Он замолчал, облизнул нижнюю губу, снова взмахнул рукой и
пошел к двери, сказав:
- Ну, и-прощайте!
До двери его проводили молчанием, только стесанный
затылок, шумно вздохнув, прошептал:
- Ага, ушел.
Гости ждали, что скажет хозяин. Он поставил недокуренную
папиросу на блюдечко, как свечку, и, наблюдая за струйкой
дыма, произнес одобрительно, с небрежностью мудреца:
- Интересный малый. Из тех, которые мечтают сделать во
всем мире одинаково приятную погоду...
Журналист, брат революционера, в свое время заподозренного
в провокации, поддержал:
- ...забывая о человеке из другого, более глубокого подполья,
- о человеке, который признает за собою право дать пинка
ногой благополучию, если оно ему наскучит.
- Да, - забывая о человеке Достоевского, о наиболее
свободном человеке, которого осмелилась изобразить
литература, - сказал литератор, покачивая красивой головой.
- Но следует идти дальше Достоевского - к последней
свободе, к той, которую дает только ощущение трагизма
жизни... Что значит одиночество в Москве сравнительно с
одиночеством во вселенной? В пустоте, где только вещество и
нет бога?
Самгину казалось, что хозяина слушают из вежливости,
невнимательно, тихонько рыча и мурлыкая. Хозяин тоже,
должно быть, заметил это, встряхнув головой, он оборвал
свою речь, и тогда вспыхнули раздраженные голоса.
- Каков? - спросил серый человек с квадратным затылком.
- Бандит 906 года! Ага?
Особенно возмущались дамы, толстая говорила, болезненно
сморщив лицо:
- А язык! Вы обратили внимание, какой вульгарный язык?

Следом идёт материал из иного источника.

(* If $G$ is a quasitopological group, then $G$ and $\tau(G)$ have exactly the same open subgroups. In particular, for any based space $X$, $\pi_1^{qtop}(X)$ and $\pi_1^{\tau}(X)$ have the same open subgroups.
   Context: A quasitopological group is a group with a topology in which inversion is continuous and multiplication is separately continuous in each variable. $F_M(S)$ is the free (Markov) topological group on a space $S$. For a group with topology $G$, $\tau(G)$ is $G$ with the quotient topology with respect to the multiplication epimorphism $m_G:F_M(G)\to G$ sending each generator $g$ to $g$. For a based space $X$, $\pi_1^{qtop}(X)$ is $\pi_1(X)$ with the quotient topology from the based loop space $\Omega(X)$ (compact-open topology) via $\alpha\mapsto[\alpha]$; it is a quasitopological group. $\pi_1^{\tau}(X)=\tau(\pi_1^{qtop}(X))$. *)

theory Defs
  imports "HOL-Analysis.Analysis" "HOL-Algebra.Group"
begin

text \<open>Quotient topology on the set Y induced by f from the space X: U is open iff
  U is a subset of Y and its preimage is open in X.  (This family is already a topology.)\<close>
definition quot_top :: "'a topology \<Rightarrow> ('a \<Rightarrow> 'b) \<Rightarrow> 'b set \<Rightarrow> 'b topology" where
  "quot_top X f Y = topology_generated_by
      {U. U \<subseteq> Y \<and> openin X {x \<in> topspace X. f x \<in> U}}"

definition quasitopological_group :: "('g, 'm) monoid_scheme \<Rightarrow> 'g topology \<Rightarrow> bool" where
  "quasitopological_group G T \<longleftrightarrow> group G \<and> topspace T = carrier G \<and>
     continuous_map T T (\<lambda>x. inv\<^bsub>G\<^esub> x) \<and>
     (\<forall>g \<in> carrier G. continuous_map T T (\<lambda>x. g \<otimes>\<^bsub>G\<^esub> x) \<and>
                      continuous_map T T (\<lambda>x. x \<otimes>\<^bsub>G\<^esub> g))"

Ей вторила дама меньших объемов, приподняв плечи до ушей,
она жаловалась:
- Отрава материализмом расширяется с удивительной
быстротой...
Говорили все и, как всегда, невнимательно слушая, перебивая
друг друга, стремясь обнародовать свои мысли. Брюнетка, туго
зажатая в гладкое, как трико, платье красного цвета,
толстогубая, в пенснэ на крупном носу, доказывала приятным
грудным голосом:
- Мы обязаны этим реализму, он охладил жизнь, приплюснул
людей к земле. Зеленая тоска и плесень всяких этих
сборников реалистической литер[атуры] - сделала людей
духовно нищими. Необходимо возвратить человека к самому
себе, к источнику глубоких чувств, великих вдохновений...
Хозяин слушал, курил и в такт речи кивал головой.

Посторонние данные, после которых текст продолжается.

(* Let $M$ be a finite group whose order is divisible by the prime $p$. Let $y,z\in M$ and write $y=y_sy_u$, $z=z_sz_u$ as products of their commuting $p$-regular and $p$-parts. If $y_sz_u\neq z_uy_s$ and $z_sy_u\neq y_uz_s$, then $yz\neq zy$, $|\mathcal O_y^{\langle y,z\rangle}|\geq3$ and $|\mathcal O_z^{\langle y,z\rangle}|\geq3$. If in addition $y$ and $z$ are conjugate in $M$ and $\mathcal O_y^{\langle y,z\rangle}\cap\mathcal O_z^{\langle y,z\rangle}=\emptyset$, then the conjugacy class $\mathcal O_y^M$ is of type C.
   Context: $\mathcal O^H_x$ denotes the conjugacy class of $x$ in $H$. A conjugacy class $\mathcal O$ in a finite group $M$ is of type C if there exist $H\leq M$ and $r,s\in\mathcal O\cap H$ with: $rs\neq sr$; $\mathcal O_r^H\neq\mathcal O_s^H$; $H=\langle\mathcal O_r^H,\mathcal O_s^H\rangle$; and either $\min(|\mathcal O_r^H|,|\mathcal O_s^H|)>2$ or $\max(|\mathcal O_r^H|,|\mathcal O_s^H|)>4$. *)

theory Defs
  imports "HOL-Algebra.Algebra"
begin

definition conj_class :: "('a, 'b) monoid_scheme \<Rightarrow> 'a set \<Rightarrow> 'a \<Rightarrow> 'a set" where
  "conj_class G H x = {h \<otimes>\<^bsub>G\<^esub> x \<otimes>\<^bsub>G\<^esub> inv\<^bsub>G\<^esub> h | h. h \<in> H}"

definition type_C :: "('a, 'b) monoid_scheme \<Rightarrow> 'a set \<Rightarrow> bool" where
  "type_C M C \<longleftrightarrow> (\<exists>H r s. subgroup H M \<and> r \<in> C \<inter> H \<and> s \<in> C \<inter> H \<and>
      r \<otimes>\<^bsub>M\<^esub> s \<noteq> s \<otimes>\<^bsub>M\<^esub> r \<and>
      conj_class M H r \<noteq> conj_class M H s \<and>
      H = generate M (conj_class M H r \<union> conj_class M H s) \<and>
      (min (card (conj_class M H r)) (card (conj_class M H s)) > 2 \<or>
       max (card (conj_class M H r)) (card (conj_class M H s)) > 4))"

definition p_decomp :: "('a, 'b) monoid_scheme \<Rightarrow> nat \<Rightarrow> 'a \<Rightarrow> 'a \<Rightarrow> 'a \<Rightarrow> bool" where
  "p_decomp G p x s u \<longleftrightarrow> s \<in> carrier G \<and> u \<in> carrier G \<and>
     x = s \<otimes>\<^bsub>G\<^esub> u \<and> s \<otimes>\<^bsub>G\<^esub> u = u \<otimes>\<^bsub>G\<^esub> s \<and>
     coprime (group.ord G s) p \<and> (\<exists>k. group.ord G u = p ^ k)"

end

theory Submission
  imports Defs
begin

text \<open>
  The p-regular part and the p-part of an element of a finite group are powers of it, so if y
  and z commuted, so would ys and zu. One of zs, zu has odd order (zs if p = 2, zu otherwise),
  and an element of odd order is a power of its square. Hence if z^2 commuted with y, that
  part of z would commute with y and therefore with the corresponding power-part of y, which is
  excluded. So neither z nor z^2 commutes with y, and y, z y z^-1, z^2 y z^-2 are three distinct
  conjugates of y in \<langle>y, z\<rangle>; symmetrically for z. For type C take H = \<langle>y, z\<rangle>, r = y, s = z:
  H is generated by the classes of its generators.
\<close>

lemma (in group) commuting_coprime_factor_is_pow:
  assumes fin: "finite (carrier G)" and s: "s \<in> carrier G" and u: "u \<in> carrier G"
    and comm: "s \<otimes> u = u \<otimes> s" and cop: "coprime (ord s) (ord u)"
  shows "\<exists>n. s = (s \<otimes> u) [^] (n::nat)"
proof -
  have "ord u \<noteq> 0" using ord_ge_1[OF fin u] by simp
  then obtain i j where bezout: "ord u * i = ord s * j + 1"
    using bezout_nat[of "ord u" "ord s"] cop by (auto simp: coprime_commute)
  have "(s \<otimes> u) [^] (ord u * i) = s [^] (ord u * i) \<otimes> u [^] (ord u * i)"
    using pow_mult_distrib[OF comm s u] by simp
  also have "u [^] (ord u * i) = \<one>"
    using u by (simp add: pow_eq_id)
  also have "s [^] (ord u * i) = s [^] (ord s * j) \<otimes> s"
    using s by (simp add: bezout nat_pow_mult)
  also have "s [^] (ord s * j) = \<one>"
    using s by (simp add: pow_eq_id)
  finally have "s = (s \<otimes> u) [^] (ord u * i)" using s by simp
  then show ?thesis ..
qed

lemma (in group) p_decomp_parts_are_pows:
  assumes fin: "finite (carrier G)" and decomp: "p_decomp G p x s u"
  shows "\<exists>n. s = x [^] (n::nat)" and "\<exists>n. u = x [^] (n::nat)"
proof -
  from decomp have s: "s \<in> carrier G" and u: "u \<in> carrier G" and x: "x = s \<otimes> u"
    and comm: "s \<otimes> u = u \<otimes> s" and "coprime (ord s) p" and "\<exists>k. ord u = p ^ k"
    unfolding p_decomp_def by auto
  then have cop: "coprime (ord s) (ord u)" by auto
  show "\<exists>n. s = x [^] (n::nat)"
    using commuting_coprime_factor_is_pow[OF fin s u comm cop] x by simp
  show "\<exists>n. u = x [^] (n::nat)"
    using commuting_coprime_factor_is_pow[OF fin u s comm[symmetric]] cop x comm
    by (simp add: coprime_commute)
qed

lemma (in group) pow_commute_pow:
  assumes "a \<in> carrier G" "b \<in> carrier G" "a \<otimes> b = b \<otimes> a"
  shows "a [^] (n::nat) \<otimes> b [^] (m::nat) = b [^] m \<otimes> a [^] n"
  using assms group_commutes_pow[of b "a [^] n" m] group_commutes_pow[of a b n] by simp

lemma (in group) p_decomp_parts_commute:
  assumes fin: "finite (carrier G)" and y: "y \<in> carrier G" and z: "z \<in> carrier G"
    and dy: "p_decomp G p y ys yu" and dz: "p_decomp G p z zs zu"
    and comm: "y \<otimes> z = z \<otimes> y"
  shows "ys \<otimes> zu = zu \<otimes> ys"
proof -
  obtain a b :: nat where "ys = y [^] a" and "zu = z [^] b"
    using p_decomp_parts_are_pows(1)[OF fin dy] p_decomp_parts_are_pows(2)[OF fin dz] by blast
  then show ?thesis using pow_commute_pow[OF y z comm] by simp
qed

lemma (in group) odd_order_pow_square:
  assumes w: "w \<in> carrier G" and odd: "odd (ord w)"
  shows "\<exists>j. w = (w \<otimes> w) [^] (j::nat)"
proof -
  obtain j where j: "Suc (ord w) = 2 * j" using odd by (metis evenE even_Suc)
  have "w = w [^] Suc (ord w)" using w by simp
  also have "\<dots> = (w [^] (2::nat)) [^] j" using w by (simp only: j nat_pow_pow)
  also have "w [^] (2::nat) = w \<otimes> w" using w by (simp add: numeral_2_eq_2)
  finally show ?thesis ..
qed

lemma (in group) odd_order_commute_if_square_commutes:
  assumes w: "w \<in> carrier G" and y: "y \<in> carrier G" and odd: "odd (ord w)"
    and comm: "(w \<otimes> w) \<otimes> y = y \<otimes> (w \<otimes> w)"
  shows "w \<otimes> y = y \<otimes> w"
proof -
  obtain j where "w = (w \<otimes> w) [^] (j::nat)" using odd_order_pow_square[OF w odd] ..
  then show ?thesis using group_commutes_pow[OF comm _ y, of j] w by (metis m_closed)
qed

lemma (in group) p_decomp_square_not_commute:
  assumes fin: "finite (carrier G)" and prime: "Factorial_Ring.prime p"
    and y: "y \<in> carrier G" and z: "z \<in> carrier G"
    and dy: "p_decomp G p y ys yu" and dz: "p_decomp G p z zs zu"
    and n1: "ys \<otimes> zu \<noteq> zu \<otimes> ys" and n2: "zs \<otimes> yu \<noteq> yu \<otimes> zs"
  shows "(z \<otimes> z) \<otimes> y \<noteq> y \<otimes> (z \<otimes> z)"
proof
  assume comm: "(z \<otimes> z) \<otimes> y = y \<otimes> (z \<otimes> z)"
  have odd_pow_commutes: "y [^] a \<otimes> z [^] b = z [^] b \<otimes> y [^] a"
    if "odd (ord (z [^] b))" for a b :: nat
  proof -
    have "(z [^] b \<otimes> z [^] b) \<otimes> y = y \<otimes> (z [^] b \<otimes> z [^] b)"
      using group_commutes_pow[OF comm _ y, of b] pow_mult_distrib[of z z b] z by simp
    then have "z [^] b \<otimes> y = y \<otimes> z [^] b"
      using odd_order_commute_if_square_commutes that y z by simp
    then show ?thesis using pow_commute_pow[of y "z [^] b" a 1] y z by simp
  qed
  from dz have zs_cop: "coprime (ord zs) p" and zu_ord: "\<exists>k. ord zu = p ^ k"
    unfolding p_decomp_def by auto
  have "odd (ord zs) \<or> odd (ord zu)"
  proof (cases "p = 2")
    case True
    then show ?thesis using zs_cop by simp
  next
    case False
    then have "odd p" using prime_ge_2_nat[OF prime] prime_odd_nat[OF prime] by fastforce
    then show ?thesis using zu_ord by auto
  qed
  moreover obtain a1 a2 b1 b2 :: nat
    where "ys = y [^] a1" "yu = y [^] a2" "zs = z [^] b1" "zu = z [^] b2"
    using p_decomp_parts_are_pows[OF fin dy] p_decomp_parts_are_pows[OF fin dz] by metis
  ultimately show False using n1 n2 odd_pow_commutes by metis
qed

lemma (in group) conj_class_subset_subgroup:
  assumes K: "subgroup K G" and HK: "H \<subseteq> K" and y: "y \<in> K"
  shows "conj_class G H y \<subseteq> K"
  using y HK subgroup.m_closed[OF K] subgroup.m_inv_closed[OF K]
  unfolding conj_class_def by blast

lemma (in group) mem_conj_class_self:
  assumes H: "subgroup H G" and y: "y \<in> carrier G"
  shows "y \<in> conj_class G H y"
proof -
  have "\<one> \<otimes> y \<otimes> inv \<one> \<in> conj_class G H y"
    unfolding conj_class_def using subgroup.one_closed[OF H] by blast
  then show ?thesis using y by simp
qed

lemma (in group) conj_eq_self_iff_commute:
  assumes "g \<in> carrier G" "a \<in> carrier G"
  shows "g \<otimes> a \<otimes> inv g = a \<longleftrightarrow> g \<otimes> a = a \<otimes> g"
  using assms by (metis inv_solve_right' m_closed)

lemma (in group) conj_cancel:
  assumes "g \<in> carrier G" "a \<in> carrier G" "b \<in> carrier G"
    and "g \<otimes> a \<otimes> inv g = g \<otimes> b \<otimes> inv g"
  shows "a = b"
  using assms by (metis l_cancel r_cancel inv_closed m_closed)

lemma (in group) card_conj_class_ge_3:
  assumes fin: "finite (carrier G)" and H: "subgroup H G"
    and y: "y \<in> carrier G" and z: "z \<in> H"
    and n1: "z \<otimes> y \<noteq> y \<otimes> z" and n2: "(z \<otimes> z) \<otimes> y \<noteq> y \<otimes> (z \<otimes> z)"
  shows "card (conj_class G H y) \<ge> 3"
proof -
  have zG: "z \<in> carrier G" using z subgroup.subset[OF H] by blast
  define y1 where "y1 = z \<otimes> y \<otimes> inv z"
  define y2 where "y2 = (z \<otimes> z) \<otimes> y \<otimes> inv (z \<otimes> z)"
  have y2_conj_y1: "y2 = z \<otimes> y1 \<otimes> inv z"
    unfolding y1_def y2_def using y zG by (simp add: inv_mult_group m_assoc)
  have "y1 \<noteq> y" using conj_eq_self_iff_commute[OF zG y] n1 by (simp add: y1_def)
  moreover have "y2 \<noteq> y" using conj_eq_self_iff_commute[of "z \<otimes> z" y] n2 y zG by (simp add: y2_def)
  moreover have "y2 \<noteq> y1"
    using conj_cancel[OF zG _ y, of y1] \<open>y1 \<noteq> y\<close> y zG by (auto simp: y2_conj_y1 y1_def)
  ultimately have "card {y, y1, y2} = 3" by auto
  moreover have "{y, y1, y2} \<subseteq> conj_class G H y"
    using mem_conj_class_self[OF H y] z subgroup.m_closed[OF H z z]
    unfolding y1_def y2_def conj_class_def by blast
  moreover have "finite (conj_class G H y)"
    using conj_class_subset_subgroup[OF subgroup_self _ y] subgroup.subset[OF H] fin
    by (meson finite_subset)
  ultimately show ?thesis by (metis card_mono)
qed

lemma (in group) type_C_by_generators:
  assumes y: "y \<in> carrier G" and z: "z \<in> carrier G" and yC: "y \<in> C" and zC: "z \<in> C"
    and noncomm: "y \<otimes> z \<noteq> z \<otimes> y"
    and disjoint: "conj_class G (generate G {y, z}) y \<inter> conj_class G (generate G {y, z}) z = {}"
    and card_y: "card (conj_class G (generate G {y, z}) y) \<ge> 3"
    and card_z: "card (conj_class G (generate G {y, z}) z) \<ge> 3"
  shows "type_C G C"
proof -
  define H where "H = generate G {y, z}"
  have H: "subgroup H G" unfolding H_def using y z by (intro generate_is_subgroup) auto
  have yH: "y \<in> H" and zH: "z \<in> H" unfolding H_def by (auto intro: generate.incl)
  have y_mem: "y \<in> conj_class G H y" and z_mem: "z \<in> conj_class G H z"
    using mem_conj_class_self[OF H] y z by auto
  have "generate G (conj_class G H y \<union> conj_class G H z) \<subseteq> H"
    using generate_subgroup_incl[OF _ H] conj_class_subset_subgroup[OF H subset_refl] yH zH
    by blast
  moreover have "H \<subseteq> generate G (conj_class G H y \<union> conj_class G H z)"
    using y_mem z_mem unfolding H_def by (intro mono_generate) blast
  ultimately have gen: "H = generate G (conj_class G H y \<union> conj_class G H z)" by blast
  have distinct: "conj_class G H y \<noteq> conj_class G H z" using y_mem disjoint by (auto simp: H_def)
  have big: "min (card (conj_class G H y)) (card (conj_class G H z)) > 2"
    using card_y card_z by (simp add: H_def)
  show ?thesis
    unfolding type_C_def
    by (intro exI[of _ H] exI[of _ y] exI[of _ z] conjI IntI disjI1)
      (fact H yC yH zC zH noncomm distinct gen big)+
qed

theorem lemma2p5:
  fixes M :: "('a, 'b) monoid_scheme" and p :: nat
  assumes "group M" and "finite (carrier M)" and "Factorial_Ring.prime p" and "p dvd order M"
    and "y \<in> carrier M" and "z \<in> carrier M"
    and "p_decomp M p y ys yu" and "p_decomp M p z zs zu"
    and "ys \<otimes>\<^bsub>M\<^esub> zu \<noteq> zu \<otimes>\<^bsub>M\<^esub> ys"
    and "zs \<otimes>\<^bsub>M\<^esub> yu \<noteq> yu \<otimes>\<^bsub>M\<^esub> zs"
  shows "y \<otimes>\<^bsub>M\<^esub> z \<noteq> z \<otimes>\<^bsub>M\<^esub> y
    \<and> card (conj_class M (generate M {y, z}) y) \<ge> 3
    \<and> card (conj_class M (generate M {y, z}) z) \<ge> 3
    \<and> ((z \<in> conj_class M (carrier M) y
         \<and> conj_class M (generate M {y, z}) y \<inter> conj_class M (generate M {y, z}) z = {})
        \<longrightarrow> type_C M (conj_class M (carrier M) y))"
proof -
  interpret group M by fact
  note fin = \<open>finite (carrier M)\<close> and prime = \<open>Factorial_Ring.prime p\<close>
    and y = \<open>y \<in> carrier M\<close> and z = \<open>z \<in> carrier M\<close>
    and dy = \<open>p_decomp M p y ys yu\<close> and dz = \<open>p_decomp M p z zs zu\<close>
    and n1 = \<open>ys \<otimes>\<^bsub>M\<^esub> zu \<noteq> zu \<otimes>\<^bsub>M\<^esub> ys\<close> and n2 = \<open>zs \<otimes>\<^bsub>M\<^esub> yu \<noteq> yu \<otimes>\<^bsub>M\<^esub> zs\<close>
  define H where "H = generate M {y, z}"
  have H: "subgroup H M" unfolding H_def using y z by (intro generate_is_subgroup) auto
  have yH: "y \<in> H" and zH: "z \<in> H" unfolding H_def by (auto intro: generate.incl)
  have noncomm: "y \<otimes>\<^bsub>M\<^esub> z \<noteq> z \<otimes>\<^bsub>M\<^esub> y"
    using p_decomp_parts_commute[OF fin y z dy dz] n1 by blast
  have card_y: "card (conj_class M H y) \<ge> 3"
    using card_conj_class_ge_3[OF fin H y zH noncomm[symmetric]
        p_decomp_square_not_commute[OF fin prime y z dy dz n1 n2]] .
  have card_z: "card (conj_class M H z) \<ge> 3"
    using card_conj_class_ge_3[OF fin H z yH noncomm
        p_decomp_square_not_commute[OF fin prime z y dz dy n2 n1]] .
  have type_C: "type_C M (conj_class M (carrier M) y)"
    if "z \<in> conj_class M (carrier M) y" and "conj_class M H y \<inter> conj_class M H z = {}"
    using type_C_by_generators[OF y z mem_conj_class_self[OF subgroup_self y] that(1) noncomm]
      that(2) card_y card_z unfolding H_def .
  show ?thesis using noncomm card_y card_z type_C unfolding H_def by blast
qed

end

Самгин не был удивлен появлением Лаврушки, он только
вспомнил свое сравнение таких встреч со звездами:
"Мало их или много? Кажется - уже много..."
- Боже мой, - кто это, откуда? - с брезгливым
недоумением, театрально спросила толстая дама. Шершавый
литератор, покрякивая, покашливая, ответил:
- Поэт, стихи пишет, даже, кажется, печатает в
большевистских газетках. Это я его привел - показать...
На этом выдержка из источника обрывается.